03/01/2011 – Financial Times
China’s biggest bear, Andy Xie, has made his prediction for 2011 and it is pretty grim: the race for economic recovery will be a zero-sum game between China and the US. Xie, a former Morgan Stanley economist and one of the most outspoken critics of China’s growing property bubble, wrote last week in the Chinese publication China Century Weekly (published here in English) that he expects one of the two countries’ economies to crash. Xie says the combination of US dollars flooding the system with liquidity and China holding its currency down will be potent.
The most likely candidates to trigger the next global crisis are the US’s sovereign debt or China’s inflation. When one goes down first, the other can prolong its economic cycle. China may have won the last race. To win the next one, China must tackle its inflation problem, which is ultimately a political and structural issue, in 2011. If China does, the US will again be the cause for the next global crisis. China would suffer from declining exports but benefit from lower oil price.
Keeping inflation down is of key concern to Beijing’s mandarins. Over the weekend state media quoted Premier Wen Jiabao pledging to keep consumer inflation, a potential source of social unrest, down in 2011.
“The central government has taken a slew of steps to stabilize prices,” Wen said, promising to put the issue higher on the official agenda, something the government has been saying since November when inflation soared to a two-year high.

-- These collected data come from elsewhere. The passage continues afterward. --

text \<open>By induction on the total number of pure strategies: take optimal strategies
  p0 and q0 of both players; if their values meet they form a saddle point, and otherwise both
  equalize against all opponent strategies, which forces the values to coincide after all.\<close>
theorem minimax:
  fixes M :: "'a \<Rightarrow> 'b \<Rightarrow> real"
  assumes "finite A" "A \<noteq> {}" "finite B" "B \<noteq> {}"
  shows "saddle A B M"
  using assms
proof (induction "card A + card B" arbitrary: A B M rule: less_induct)
  case (less A B M)
  note fin = less.prems
  define M' where "M' = (\<lambda>b a. - M a b)"
  obtain p0 where p0: "p0 \<in> prob_vectors A"
    and opt: "\<And>p. p \<in> prob_vectors A \<Longrightarrow> worst_loss A B M p0 \<le> worst_loss A B M p"
    using optimal_strategy_exists[OF fin] by blast
  obtain q0 where q0: "q0 \<in> prob_vectors B"
    and opt': "\<And>q. q \<in> prob_vectors B \<Longrightarrow> worst_loss B A M' q0 \<le> worst_loss B A M' q"
    using optimal_strategy_exists[OF fin(3,4,1,2)] by blast
  show ?case
  proof (cases "worst_loss A B M p0 \<le> - worst_loss B A M' q0")
    case True
    then show ?thesis using saddle_if_values_meet fin p0 q0 unfolding M'_def by blast
  next
    case False
    then have gap: "- worst_loss B A M' q0 < worst_loss A B M p0" by simp
    have transpose_back: "(\<lambda>a b. - M' b a) = M" by (simp add: M'_def)
    have gap': "- worst_loss A B M p0 < worst_loss B A M' q0" using gap by linarith
    have "\<forall>b\<in>B. (\<Sum>a\<in>A. p0 a * M a b) = worst_loss A B M p0"
    proof (rule optimal_strategy_equalizes_if_gap[OF fin _ p0 opt opt'[unfolded M'_def] gap[unfolded M'_def]])
      show "saddle A (B - {b}) M" if "b \<in> B" "B - {b} \<noteq> {}" for b
        using less.hyps[of A "B - {b}"] fin that by (simp add: card_gt_0_iff)
    qed
    then have "(\<Sum>b\<in>B. q0 b * (\<Sum>a\<in>A. p0 a * M a b)) = worst_loss A B M p0"
      using prob_vectors_average_const[OF q0] by simp
    moreover have "\<forall>a\<in>A. (\<Sum>b\<in>B. q0 b * M' b a) = worst_loss B A M' q0"
    proof (rule optimal_strategy_equalizes_if_gap[where M=M', unfolded transpose_back,
          OF fin(3,4,1,2) _ q0 opt' opt gap'])
      show "saddle B (A - {a}) M'" if "a \<in> A" "A - {a} \<noteq> {}" for a
        using less.hyps[of "A - {a}" B] fin that unfolding M'_def
        by (intro saddle_transpose) (simp add: card_gt_0_iff)
    qed
    then have "(\<Sum>a\<in>A. p0 a * (\<Sum>b\<in>B. q0 b * M' b a)) = worst_loss B A M' q0"
      using prob_vectors_average_const[OF p0] by simp
    moreover have "(\<Sum>a\<in>A. p0 a * (\<Sum>b\<in>B. q0 b * M' b a)) = - (\<Sum>b\<in>B. q0 b * (\<Sum>a\<in>A. p0 a * M a b))"
      unfolding M'_def by (simp add: sum_distrib_left sum_negf algebra_simps sum.swap[of _ A B])
    ultimately show ?thesis using gap by simp
  qed
qed

section \<open>Weak duality\<close>

lemma fin_prob_D:
  assumes "fin_prob u"
  shows "finite (supp u)" "supp u \<noteq> {}" "supp u \<subseteq> DeltaK" "\<And>x. 0 \<le> u x"
  using assms unfolding fin_prob_def by auto

text \<open>The defining inequality of D1 holds in absolute value, by symmetry in (a, x) and (b, y).\<close>
lemma D1_abs_bound:
  assumes "f \<in> D1" "x \<in> DeltaK" "y \<in> DeltaK" "0 \<le> a" "0 \<le> b"
  shows "\<bar>a * f x - b * f y\<bar> \<le> norm1 (\<lambda>k. a * x k - b * y k)"
proof -
  have "a * f x - b * f y \<le> norm1 (\<lambda>k. a * x k - b * y k)"
    and "b * f y - a * f x \<le> norm1 (\<lambda>k. b * y k - a * x k)"
    using assms unfolding D1_def by auto
  moreover have "norm1 (\<lambda>k. b * y k - a * x k) = norm1 (\<lambda>k. a * x k - b * y k)"
    unfolding norm1_def by (simp add: abs_minus_commute)
  ultimately show ?thesis by (simp add: abs_le_iff)
qed

text \<open>Weak duality: for f in D1 and (\<alpha>, \<beta>) in M4, the marginal conditions give
  u(f) - v(f) = \<Sum> \<alpha>(x,y) f(x) - \<beta>(x,y) f(y), and each term is bounded by the cost of (x, y).\<close>
lemma weak_duality:
  assumes u: "fin_prob u" and v: "fin_prob v" and f: "f \<in> D1" and ab: "(\<alpha>, \<beta>) \<in> M4 u v"
  shows "\<bar>integ u f - integ v f\<bar> \<le> cost u v \<alpha> \<beta>"
proof -
  let ?U = "supp u" and ?V = "supp v"
  have M: "\<And>x y. x \<in> ?U \<Longrightarrow> y \<in> ?V \<Longrightarrow> 0 \<le> \<alpha> x y \<and> 0 \<le> \<beta> x y"
    "\<And>x. x \<in> ?U \<Longrightarrow> (\<Sum>y\<in>?V. \<alpha> x y) = u x"
    "\<And>y. y \<in> ?V \<Longrightarrow> (\<Sum>x\<in>?U. \<beta> x y) = v y"
    using ab unfolding M4_def by auto
  have "integ u f - integ v f = (\<Sum>x\<in>?U. \<Sum>y\<in>?V. \<alpha> x y * f x) - (\<Sum>y\<in>?V. \<Sum>x\<in>?U. \<beta> x y * f y)"
    unfolding integ_def by (simp add: M(2,3) flip: sum_distrib_right)
  also have "\<dots> = (\<Sum>x\<in>?U. \<Sum>y\<in>?V. \<alpha> x y * f x - \<beta> x y * f y)"
    by (simp add: sum_subtractf sum.swap[of _ ?V])
  finally have "\<bar>integ u f - integ v f\<bar> \<le> (\<Sum>x\<in>?U. \<bar>\<Sum>y\<in>?V. \<alpha> x y * f x - \<beta> x y * f y\<bar>)"
    by (simp only: sum_abs)
  also have "\<dots> \<le> (\<Sum>x\<in>?U. \<Sum>y\<in>?V. \<bar>\<alpha> x y * f x - \<beta> x y * f y\<bar>)"
    by (intro sum_mono sum_abs)
  also have "\<dots> \<le> (\<Sum>x\<in>?U. \<Sum>y\<in>?V. norm1 (\<lambda>k. \<alpha> x y * x k - \<beta> x y * y k))"
    using fin_prob_D(3)[OF u] fin_prob_D(3)[OF v] M(1)
    by (intro sum_mono D1_abs_bound[OF f]) auto
  also have "\<dots> = cost u v \<alpha> \<beta>"
    unfolding cost_def by (simp add: sum.cartesian_product)
  finally show ?thesis .
qed

section \<open>Test functions of max-min type\<close>

definition lin :: "('k::finite \<Rightarrow> real) \<Rightarrow> ('k \<Rightarrow> real) \<Rightarrow> real" where
  "lin c z = (\<Sum>k\<in>UNIV. c k * z k)"

lemma lin_le_norm1:
  assumes "\<And>k. \<bar>c k\<bar> \<le> 1"
  shows "lin c p \<le> lin c q + norm1 (\<lambda>k. p k - q k)"
proof -
  have term_le: "c k * (p k - q k) \<le> \<bar>p k - q k\<bar>" for k
  proof -
    have "c k * (p k - q k) \<le> \<bar>c k\<bar> * \<bar>p k - q k\<bar>" by (metis abs_ge_self abs_mult)
    also have "\<dots> \<le> \<bar>p k - q k\<bar>" using assms mult_right_mono[of "\<bar>c k\<bar>" 1] by simp
    finally show ?thesis .
  qed
  have "lin c p - lin c q = (\<Sum>k\<in>UNIV. c k * (p k - q k))"
    unfolding lin_def by (simp add: sum_subtractf algebra_simps)
  also have "\<dots> \<le> norm1 (\<lambda>k. p k - q k)"
    unfolding norm1_def by (intro sum_mono term_le)
  finally show ?thesis by simp
qed

lemma lin_scale: "lin c (\<lambda>k. a * z k) = a * lin c z"
  unfolding lin_def by (simp add: sum_distrib_left algebra_simps)

lemma continuous_on_lin: "continuous_on S (lin c)"
  unfolding lin_def[abs_def] by (intro continuous_on_sum continuous_on_mult_left continuous_on_coordinate)

text \<open>It is the test function produced by strong duality.\<close>
definition maxmin_fun :: "'a set \<Rightarrow> 'b set \<Rightarrow> ('a \<Rightarrow> 'b \<Rightarrow> 'k::finite \<Rightarrow> real) \<Rightarrow> ('k \<Rightarrow> real) \<Rightarrow> real" where
  "maxmin_fun U V lam z = Max ((\<lambda>x. Min ((\<lambda>y. lin (lam x y) z) ` V)) ` U)"

lemma Max_shift_le:
  assumes "finite I" "I \<noteq> {}" "\<And>i. i \<in> I \<Longrightarrow> g i \<le> h i + L"
  shows "Max (g ` I) \<le> Max (h ` I) + (L::real)"
proof -
  have "g i \<le> Max (h ` I) + L" if "i \<in> I" for i
    using assms(3)[OF that] Max_ge[OF finite_imageI[OF assms(1)] imageI[OF that, of h]] by linarith
  then show ?thesis using assms by (subst Max_le_iff) auto
qed

lemma Min_shift_le:
  assumes "finite I" "I \<noteq> {}" "\<And>i. i \<in> I \<Longrightarrow> g i \<le> h i + L"
  shows "Min (g ` I) \<le> Min (h ` I) + (L::real)"
proof -
  have "Min (h ` I) \<in> h ` I" using assms by (intro Min_in) auto
  then obtain j where j: "j \<in> I" "Min (h ` I) = h j" by auto
  then have "Min (g ` I) \<le> g j" using assms by auto
  then show ?thesis using assms(3)[OF j(1)] j(2) by simp
qed

lemma maxmin_fun_scale:
  assumes "finite U" "U \<noteq> {}" "finite V" "V \<noteq> {}" "0 \<le> a"
  shows "maxmin_fun U V lam (\<lambda>k. a * z k) = a * maxmin_fun U V lam z"
proof -
  have m: "mono ((*) a)" using assms(5) by (simp add: mono_def mult_left_mono)
  have "Min ((\<lambda>y. lin (lam x y) (\<lambda>k. a * z k)) ` V) = a * Min ((\<lambda>y. lin (lam x y) z) ` V)" for x
    using mono_Min_commute[OF m, of "(\<lambda>y. lin (lam x y) z) ` V"] assms
    by (simp add: lin_scale image_image)
  then show ?thesis unfolding maxmin_fun_def
    using mono_Max_commute[OF m, of "(\<lambda>x. Min ((\<lambda>y. lin (lam x y) z) ` V)) ` U"] assms
    by (simp add: image_image)
qed

text \<open>With coefficients in [-1, 1], the max-min function belongs to D1: it is continuous,
  1-Lipschitz for the 1-norm and positively homogeneous, which together give the D1 inequality.\<close>
lemma maxmin_fun_D1:
  assumes fin: "finite U" "U \<noteq> {}" "finite V" "V \<noteq> {}"
    and lam: "\<And>x y k. x \<in> U \<Longrightarrow> y \<in> V \<Longrightarrow> \<bar>lam x y k\<bar> \<le> 1"
  shows "maxmin_fun U V lam \<in> D1"
proof -
  let ?F = "maxmin_fun U V lam"
  have "continuous_on DeltaK ?F"
    unfolding maxmin_fun_def[abs_def] using fin
    by (intro continuous_on_Max_family continuous_on_Min_family continuous_on_lin)
  moreover have lip: "?F p \<le> ?F q + norm1 (\<lambda>k. p k - q k)" for p q
    unfolding maxmin_fun_def using assms by (intro Max_shift_le Min_shift_le lin_le_norm1) auto
  moreover have "a * ?F x - b * ?F y \<le> norm1 (\<lambda>k. a * x k - b * y k)"
    if "0 \<le> a" "0 \<le> b" for a b x y
    using lip[of "\<lambda>k. a * x k" "\<lambda>k. b * y k"]
    by (simp add: maxmin_fun_scale[OF fin that(1)] maxmin_fun_scale[OF fin that(2)])
  ultimately show ?thesis unfolding D1_def by auto
qed

section \<open>Strong duality\<close>

text \<open>Routings: \<sigma> sends all the mass u(x) to the single target \<sigma>(x), and \<tau> collects all of v(y)
  from the single source \<tau>(y).  Mixtures of routings produce the transport pairs used below.\<close>
definition send :: "(('k \<Rightarrow> real) \<Rightarrow> real) \<Rightarrow> (('k \<Rightarrow> real) \<Rightarrow> real) \<Rightarrow> (('k \<Rightarrow> real) \<Rightarrow> ('k \<Rightarrow> real))
    \<Rightarrow> ('k \<Rightarrow> real) \<Rightarrow> ('k \<Rightarrow> real) \<Rightarrow> real" where
  "send u v \<sigma> x y = (if x \<in> supp u \<and> y \<in> supp v \<and> \<sigma> x = y then u x else 0)"

definition receive :: "(('k \<Rightarrow> real) \<Rightarrow> real) \<Rightarrow> (('k \<Rightarrow> real) \<Rightarrow> real) \<Rightarrow> (('k \<Rightarrow> real) \<Rightarrow> ('k \<Rightarrow> real))
    \<Rightarrow> ('k \<Rightarrow> real) \<Rightarrow> ('k \<Rightarrow> real) \<Rightarrow> real" where
  "receive u v \<tau> x y = (if x \<in> supp u \<and> y \<in> supp v \<and> \<tau> y = x then v y else 0)"

lemma routing_in_M4:
  assumes "fin_prob u" "fin_prob v" "\<sigma> \<in> supp u \<rightarrow> supp v" "\<tau> \<in> supp v \<rightarrow> supp u"
  shows "(send u v \<sigma>, receive u v \<tau>) \<in> M4 u v"
  using assms fin_prob_D[OF assms(1)] fin_prob_D[OF assms(2)]
  unfolding M4_def send_def receive_def by (auto simp: Pi_iff)

lemma M4_mixture:
  assumes "finite R" "p \<in> prob_vectors R" "\<And>r. r \<in> R \<Longrightarrow> (\<alpha> r, \<beta> r) \<in> M4 u v"
  shows "(\<lambda>x y. \<Sum>r\<in>R. p r * \<alpha> r x y, \<lambda>x y. \<Sum>r\<in>R. p r * \<beta> r x y) \<in> M4 u v"
proof -
  have p: "\<And>r. 0 \<le> p r" "sum p R = 1" using assms(2) by (auto simp: prob_vectors_def)
  have "(\<Sum>y'\<in>supp v. \<Sum>r\<in>R. p r * \<alpha> r x y') = u x" if "x \<in> supp u" for x
  proof -
    have "(\<Sum>y'\<in>supp v. \<Sum>r\<in>R. p r * \<alpha> r x y') = (\<Sum>r\<in>R. p r * (\<Sum>y'\<in>supp v. \<alpha> r x y'))"
      by (simp add: sum.swap[of _ "supp v"] sum_distrib_left)
    also have "\<dots> = (\<Sum>r\<in>R. p r * u x)" using assms(3) that by (simp add: M4_def)
    finally show ?thesis using p(2) by (simp flip: sum_distrib_right)
  qed
  moreover have "(\<Sum>x'\<in>supp u. \<Sum>r\<in>R. p r * \<beta> r x' y) = v y" if "y \<in> supp v" for y
  proof -
    have "(\<Sum>x'\<in>supp u. \<Sum>r\<in>R. p r * \<beta> r x' y) = (\<Sum>r\<in>R. p r * (\<Sum>x'\<in>supp u. \<beta> r x' y))"
      by (simp add: sum.swap[of _ "supp u"] sum_distrib_left)
    also have "\<dots> = (\<Sum>r\<in>R. p r * v y)" using assms(3) that by (simp add: M4_def)
    finally show ?thesis using p(2) by (simp flip: sum_distrib_right)
  qed
  ultimately show ?thesis
    using assms(3) p(1) unfolding M4_def by (auto intro!: sum_nonneg)
qed

text \<open>It is bilinear, bounded by the cost when |\<lambda>| \<le> 1, and equal to it for the sign pattern of
  \<alpha>(x,y) x - \<beta>(x,y) y.\<close>
definition pairing :: "('k::finite \<Rightarrow> real) set \<Rightarrow> ('k \<Rightarrow> real) set \<Rightarrow> (('k \<Rightarrow> real) \<Rightarrow> ('k \<Rightarrow> real) \<Rightarrow> real)
    \<Rightarrow> (('k \<Rightarrow> real) \<Rightarrow> ('k \<Rightarrow> real) \<Rightarrow> real) \<Rightarrow> (('k \<Rightarrow> real) \<Rightarrow> ('k \<Rightarrow> real) \<Rightarrow> 'k \<Rightarrow> real) \<Rightarrow> real" where
  "pairing U V \<alpha> \<beta> lam = (\<Sum>x\<in>U. \<Sum>y\<in>V. \<alpha> x y * lin (lam x y) x - \<beta> x y * lin (lam x y) y)"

Following zero-sum logic Xie expostulates that China’s inflation will be great news for the US:
Inflation is good for the U.S., because foreigners own nearly 100 percent of its GDP in financial assets. With its massive U.S. debt holdings, China will suffer especially hard. Indeed, if China’s foreign exchange reserves evaporate in value, it becomes very vulnerable, unless its structural problems are solved.
Today’s lower-than-expected Chinese purchasing managers’ data for December will likely assuage concern in Beijing, and it will also calm investors worried that Beijing will clamp down on red-hot growth. Yet it is precisely this growth, Xie says, that risks a hard landing for China. He writes,
If China has a hard landing, the US’s trade deficit can drop dramatically, maybe by 50%, due to lower import prices. It would boost the dollar’s value and bring down the US’s treasury yield. The US can have lower financing cost and lower expenditure. The combination allows the US to enjoy a period of good growth . . .
Neither scenario would bode well for a 2011 global financial recovery. Even if one takes Xie’s warnings with a grain of salt, his predictions reveal precarious and complex possibilities that could trip-wire global recovery and that economic power brokers in both the US and China would do well to keep in mind.